Я заметил, что она потирает указательными пальцами виски. Ее руки с тонкими запястьями были усыпаны росинками бриллиантов. Я вдруг подумал, что не она создана для роскоши, а роскошь — для нее. Такие женщины украшают жизнь, это и есть их предназначение. Она молчала, и я переспросил:
— В чем дело, ма?
— Небольшая мигрень. Не обращай внимания.
— Может, тебе лучше прилечь?
— Я хочу побыть с тобой. Ведь ты скоро уедешь.
— Я останусь ночевать.
— Тебе ведь завтра на работу. На дорогах пробки.
— Встану пораньше, — отмахнулся я. — Кстати, что говорит папа о моей работе?
— Он тебя уважает.
— Вот как? — удивился я.
— Он сам начинал подсобным рабочим на стройке…
— Папа? Подсобным рабочим?
Я знал семейное предание. О том, как папа работал на стройке — прорабом, начальником участка, а потом и всего объекта. О переводе в стройтрест, а потом и в министерство. О том, что он был подсобным рабочим, раньше не говорили.
— …Там мы и познакомились.
— Где?
— На стройке.
— А ты там что делала?
— Работала, — спокойно ответила мать.
— Где? На стройке?
— Что ж тут такого? Я работала штукатуром-маляром, — ровным голосом сказала она. — Когда провалилась на экзаменах в театральное училище, пошла работать на стройку, чтобы мне дали койку в общежитии.

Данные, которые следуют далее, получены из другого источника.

lemma log_deriv_pow_of_nat:
  assumes x: "x > 0"
  shows "log_deriv_pow (real n) x = x ^ n * (Digamma (real n + 1) - ln x)"
proof -
  define \<phi> where "\<phi> \<nu> = fact n * rGamma (real n - \<nu> + 1) * x powr (real n - \<nu>)" for \<nu>
  have frac_deriv: "frac_deriv_pow \<nu> (real n) x = \<phi> \<nu>" for \<nu>
    using Gamma_fact[of n, where 'a=real]
    by (simp add: frac_deriv_pow_def \<phi>_def Gamma_def divide_inverse add.commute)
  have not_pole: "real n - 0 + 1 \<notin> \<int>\<^sub>\<le>\<^sub>0"
    using of_nat_in_nonpos_Ints_iff[of "Suc n"] by (simp add: add.commute)
  have "(\<phi> has_real_derivative fact n * (- rGamma (real n - 0 + 1) * Digamma (real n - 0 + 1) * (0 - 1 + 0))
      * x powr (real n - 0) + fact n * rGamma (real n - 0 + 1)
      * (x powr (real n - 0) * ((0 - 1) * ln x / 1 + 0 * (real n - 0) / x))) (at 0)"
    unfolding \<phi>_def using x not_pole by (intro derivative_eq_intros refl) auto
  then have "(\<phi> has_real_derivative x ^ n * (Digamma (real n + 1) - ln x)) (at 0)"
    using x rGamma_of_nat_plus_1[of n] by (simp add: powr_realpow algebra_simps)
  moreover have "\<phi> 0 = x powr real n"
    by (simp add: \<phi>_def rGamma_of_nat_plus_1)
  ultimately have "((\<lambda>\<nu>. (\<phi> \<nu> - x powr real n) / \<nu>) \<longlongrightarrow> x ^ n * (Digamma (real n + 1) - ln x)) (at 0)"
    unfolding DERIV_def by simp
  then show ?thesis
    unfolding log_deriv_pow_def frac_deriv by (intro tendsto_Lim) auto
qed

lemma pochhammer_ge_power:
  fixes a c :: real
  assumes "0 \<le> c" "c \<le> a"
  shows "c ^ k \<le> pochhammer a k"
proof -
  have "c ^ k = (\<Prod>i<k. c)" by simp
  also have "\<dots> \<le> (\<Prod>i<k. a + real i)"
    using assms by (intro prod_mono) auto
  finally show ?thesis by (simp add: pochhammer_prod lessThan_atLeast0)
qed

lemma abs_rGamma_plus_of_nat_le:
  fixes a c :: real
  assumes "0 < c" "c \<le> a"
  shows "\<bar>rGamma (a + real k)\<bar> \<le> \<bar>rGamma a\<bar> / c ^ k"
proof -
  have c_pow: "0 < c ^ k" "c ^ k \<le> pochhammer a k"
    using assms pochhammer_ge_power[of c a k] by auto
  have "\<bar>rGamma (a + real k)\<bar> = \<bar>rGamma a\<bar> / pochhammer a k"
    using pochhammer_rGamma[of a k] c_pow by (simp add: abs_mult field_simps)
  also have "\<dots> \<le> \<bar>rGamma a\<bar> / c ^ k"
    using c_pow by (intro divide_left_mono) auto
  finally show ?thesis .
qed

lemma abs_Digamma_plus_of_nat_le:
  fixes a c :: real
  assumes "0 < c" "c \<le> a"
  shows "\<bar>Digamma (a + real k)\<bar> \<le> \<bar>Digamma a\<bar> + real k / c"
proof -
  have "Digamma (a + real k) = Digamma a + (\<Sum>i<k. 1 / (a + real i))"
    using assms Polygamma_plus_of_nat[of k a 0] by force
  moreover have "\<bar>\<Sum>i<k. 1 / (a + real i)\<bar> \<le> (\<Sum>i<k. 1 / c)"
    using assms by (intro order.trans[OF sum_abs] sum_mono) (auto simp: field_simps)
  ultimately show ?thesis by simp
qed

lemma summable_mult_power_div_fact: "summable (\<lambda>k. C * q ^ k / fact k :: real)"
  using summable_mult[OF summable_exp[of q], of C] by (simp add: field_simps)

definition besselI_term :: "real \<Rightarrow> real \<Rightarrow> nat \<Rightarrow> real" where
  "besselI_term \<nu> z k = (z / 2) powr (2 * real k + \<nu>) * rGamma (real k + \<nu> + 1) / fact k"

lemma besselI_eq_suminf: "besselI \<nu> z = (\<Sum>k. besselI_term \<nu> z k)"
  by (simp add: besselI_def besselI_term_def)

lemma besselI_term_has_real_derivative:
  assumes z: "z > 0" and \<nu>: "\<nu> > -1"
  shows "((\<lambda>\<mu>. besselI_term \<mu> z k) has_real_derivative
           (ln (z / 2) - Digamma (real k + \<nu> + 1)) * besselI_term \<nu> z k) (at \<nu>)"
proof -
  have not_pole: "real k + \<nu> + 1 \<notin> \<int>\<^sub>\<le>\<^sub>0"
    using \<nu> nonpos_Ints_nonpos by fastforce
  have "((\<lambda>\<mu>. besselI_term \<mu> z k) has_real_derivative
      ((z / 2) powr (2 * real k + \<nu>) * ((0 + 1) * ln (z / 2) + (2 * real k + \<nu>) * 0 / (z / 2))
        * rGamma (real k + \<nu> + 1)
      + (z / 2) powr (2 * real k + \<nu>) * (- rGamma (real k + \<nu> + 1) * Digamma (real k + \<nu> + 1) * (0 + 1 + 0)))
      / fact k) (at \<nu>)"
    unfolding besselI_term_def using z not_pole by (intro derivative_eq_intros refl) auto
  then show ?thesis
    by (simp add: besselI_term_def algebra_simps add_divide_distrib diff_divide_distrib)
qed

lemma abs_besselI_term_le:
  assumes z: "z > 0" and c: "0 < c" "c \<le> \<nu> + 1"
  shows "\<bar>besselI_term \<nu> z k\<bar> \<le> (z / 2) powr \<nu> * \<bar>rGamma (\<nu> + 1)\<bar> * ((z / 2)\<^sup>2 / c) ^ k / fact k"
proof -
  have "(z / 2) powr (2 * real k + \<nu>) = ((z / 2)\<^sup>2) ^ k * (z / 2) powr \<nu>"
    using z powr_realpow[of "z / 2" "2 * k"] by (simp add: powr_add power_mult)
  then have "\<bar>besselI_term \<nu> z k\<bar>
      = ((z / 2)\<^sup>2) ^ k * (z / 2) powr \<nu> * \<bar>rGamma (real k + \<nu> + 1)\<bar> / fact k"
    by (simp add: besselI_term_def abs_mult)
  also have "\<dots> \<le> ((z / 2)\<^sup>2) ^ k * (z / 2) powr \<nu> * (\<bar>rGamma (\<nu> + 1)\<bar> / c ^ k) / fact k"
    using abs_rGamma_plus_of_nat_le[OF c, of k] by (intro divide_right_mono mult_left_mono) (auto simp: add_ac)
  also have "\<dots> = (z / 2) powr \<nu> * \<bar>rGamma (\<nu> + 1)\<bar> * ((z / 2)\<^sup>2 / c) ^ k / fact k"
    by (simp add: power_divide)
  finally show ?thesis .
qed

lemma abs_besselI_term_deriv_le:
  assumes z: "z > 0" and c: "0 < c" "c \<le> \<nu> + 1"
  shows "\<bar>(ln (z / 2) - Digamma (real k + \<nu> + 1)) * besselI_term \<nu> z k\<bar>
    \<le> (\<bar>ln (z / 2)\<bar> + \<bar>Digamma (\<nu> + 1)\<bar> + 1 / c) * (z / 2) powr \<nu> * \<bar>rGamma (\<nu> + 1)\<bar>
        * (2 * (z / 2)\<^sup>2 / c) ^ k / fact k"
proof -
  define B where "B = \<bar>ln (z / 2)\<bar> + \<bar>Digamma (\<nu> + 1)\<bar> + 1 / c"
  \<comment> \<open>The crude bound \<open>k \<le> 2\<^sup>k\<close> keeps the majorant of the form \<open>C q\<^sup>k / k!\<close>.\<close>
  have "real k \<le> 2 ^ k"
    using less_exp[of k] by (simp add: order.strict_implies_order flip: of_nat_less_iff)
  then have "real k / c \<le> 2 ^ k / c"
    using c by (simp add: divide_right_mono)
  moreover have "\<bar>ln (z / 2)\<bar> + \<bar>Digamma (\<nu> + 1)\<bar> \<le> (\<bar>ln (z / 2)\<bar> + \<bar>Digamma (\<nu> + 1)\<bar>) * 2 ^ k"
    using mult_left_mono[of 1 "2 ^ k" "\<bar>ln (z / 2)\<bar> + \<bar>Digamma (\<nu> + 1)\<bar>"] by simp
  moreover have "\<bar>Digamma (real k + \<nu> + 1)\<bar> \<le> \<bar>Digamma (\<nu> + 1)\<bar> + real k / c"
    using abs_Digamma_plus_of_nat_le[OF c, of k] by (simp add: add_ac)
  ultimately have "\<bar>ln (z / 2) - Digamma (real k + \<nu> + 1)\<bar> \<le> B * 2 ^ k"
    by (simp add: B_def distrib_right)
  then have "\<bar>(ln (z / 2) - Digamma (real k + \<nu> + 1)) * besselI_term \<nu> z k\<bar>
      \<le> B * 2 ^ k * ((z / 2) powr \<nu> * \<bar>rGamma (\<nu> + 1)\<bar> * ((z / 2)\<^sup>2 / c) ^ k / fact k)"
    unfolding abs_mult by (intro mult_mono abs_besselI_term_le z c) (auto simp: B_def)
  moreover have "(2 * (z / 2)\<^sup>2 / c) ^ k = 2 ^ k * ((z / 2)\<^sup>2 / c) ^ k"
    by (metis power_mult_distrib times_divide_eq_right)
  ultimately show ?thesis
    by (simp add: B_def mult_ac)
qed

lemma summable_besselI_term:
  assumes "z > 0" "\<nu> > -1"
  shows "summable (besselI_term \<nu> z)"
  using assms abs_besselI_term_le[of z "\<nu> + 1" \<nu>]
  by (intro summable_comparison_test[OF _ summable_mult_power_div_fact]) auto

lemma summable_besselI_term_deriv:
  assumes "z > 0" "\<nu> > -1"
  shows "summable (\<lambda>k. (ln (z / 2) - Digamma (real k + \<nu> + 1)) * besselI_term \<nu> z k)"
  using assms abs_besselI_term_deriv_le[of z "\<nu> + 1" \<nu>]
  by (intro summable_comparison_test[OF _ summable_mult_power_div_fact]) auto

lemma besselI_has_real_derivative_order:
  assumes z: "z > 0" and \<nu>: "\<nu> > -1"
  shows "((\<lambda>\<mu>. besselI \<mu> z) has_real_derivative
           (\<Sum>k. (ln (z / 2) - Digamma (real k + \<nu> + 1)) * besselI_term \<nu> z k)) (at \<nu>)"
proof -
  define c where "c = (\<nu> + 1) / 2"
  define S where "S = {\<nu> - c .. \<nu> + c}"
  have c: "c > 0" using \<nu> by (simp add: c_def)
  have S_lower: "c \<le> \<mu> + 1" if "\<mu> \<in> S" for \<mu>
    using that by (auto simp: S_def c_def field_simps)
  have compact_S: "compact S"
    by (simp add: S_def)
  have "continuous_on S (\<lambda>\<mu>. (z / 2) powr \<mu>)"
    using z by (intro continuous_intros) auto
  then obtain Cp where Cp: "Cp \<ge> 0" "\<And>\<mu>. \<mu> \<in> S \<Longrightarrow> norm ((z / 2) powr \<mu>) \<le> Cp"
    using continuous_on_compact_bound[OF compact_S] by blast
  have "continuous_on S (\<lambda>\<mu>. rGamma (\<mu> + 1))"
    by (intro continuous_at_imp_continuous_on ballI isCont_rGamma continuous_intros)
  then obtain Cr where Cr: "Cr \<ge> 0" "\<And>\<mu>. \<mu> \<in> S \<Longrightarrow> norm (rGamma (\<mu> + 1)) \<le> Cr"
    using continuous_on_compact_bound[OF compact_S] by blast
  have "continuous_on S (\<lambda>\<mu>. Digamma (\<mu> + 1))"
  proof (intro continuous_at_imp_continuous_on ballI isCont_Polygamma continuous_intros)
    fix \<mu> assume "\<mu> \<in> S"
    then show "\<mu> + 1 \<notin> \<int>\<^sub>\<le>\<^sub>0"
      using S_lower c nonpos_Ints_nonpos by fastforce
  qed
  then obtain Cd where Cd: "Cd \<ge> 0" "\<And>\<mu>. \<mu> \<in> S \<Longrightarrow> norm (Digamma (\<mu> + 1)) \<le> Cd"
    using continuous_on_compact_bound[OF compact_S] by blast
  define M where "M k = (\<bar>ln (z / 2)\<bar> + Cd + 1 / c) * Cp * Cr * (2 * (z / 2)\<^sup>2 / c) ^ k / fact k" for k
  have deriv_bound: "\<bar>(ln (z / 2) - Digamma (real k + \<mu> + 1)) * besselI_term \<mu> z k\<bar> \<le> M k"
    if \<mu>: "\<mu> \<in> S" for k \<mu>
  proof -
    have "\<bar>(ln (z / 2) - Digamma (real k + \<mu> + 1)) * besselI_term \<mu> z k\<bar>
      \<le> (\<bar>ln (z / 2)\<bar> + \<bar>Digamma (\<mu> + 1)\<bar> + 1 / c) * (z / 2) powr \<mu> * \<bar>rGamma (\<mu> + 1)\<bar>
          * (2 * (z / 2)\<^sup>2 / c) ^ k / fact k"
      using abs_besselI_term_deriv_le[OF z c S_lower[OF \<mu>]] .
    also have "\<dots> \<le> M k"
      unfolding M_def using Cp(1) Cr(1) Cd(1) Cp(2)[OF \<mu>] Cr(2)[OF \<mu>] Cd(2)[OF \<mu>] c
      by (intro divide_right_mono mult_mono add_mono order.refl) auto
    finally show ?thesis .
  qed
  have "uniformly_convergent_on S
      (\<lambda>n \<mu>. \<Sum>k<n. (ln (z / 2) - Digamma (real k + \<mu> + 1)) * besselI_term \<mu> z k)"
    unfolding uniformly_convergent_on_def
    by (rule exI, rule Weierstrass_m_test[OF _ summable_mult_power_div_fact])
       (use deriv_bound in \<open>simp add: M_def\<close>)
  moreover have "((\<lambda>\<mu>. besselI_term \<mu> z k) has_real_derivative
      (ln (z / 2) - Digamma (real k + \<mu> + 1)) * besselI_term \<mu> z k) (at \<mu> within S)"
    if "\<mu> \<in> S" for k \<mu>
    using S_lower[OF that] c
    by (intro has_field_derivative_at_within[OF besselI_term_has_real_derivative[OF z]]) auto
  moreover have "\<nu> \<in> interior S"
    using c by (simp add: S_def)
  ultimately show ?thesis
    unfolding besselI_eq_suminf using summable_besselI_term[OF z \<nu>] c
    by (intro has_field_derivative_series'(2)[of S _ _ \<nu>]) (auto simp: S_def)
qed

Слова «койка» и «общежитие» оскорбляли ее уста, и я поспешил закрыть тему. Я ведь помнил ее только такой: холеной, пахнущей дорогими духами, всегда модно и дорого одетой. Ее руки, ласкавшие меня в детстве, были мягкие и душистые. Я взял эту ласковую руку и поцеловал. Мы улыбнулись друг другу…
Когда утром следующего дня мы встретились со Сгорбышем, я небрежно сказал:
— Возможно, что на днях тебе позвонит богатая заказчица. Мог бы ты еще разок съездить на Рублевку?
— А ты времени даром не теряешь, сынок, — усмехнулся он. — И каков твой процент?
— Это мой подарок. Не переживай, я не внакладе.
— Надо думать! Вид у тебя, как у кота, съевшего миску сметаны!
Я всего лишь провел вечер с родителями, а ночь дома. Но согласно кивнул. Потом спросил:
— А что делал ты?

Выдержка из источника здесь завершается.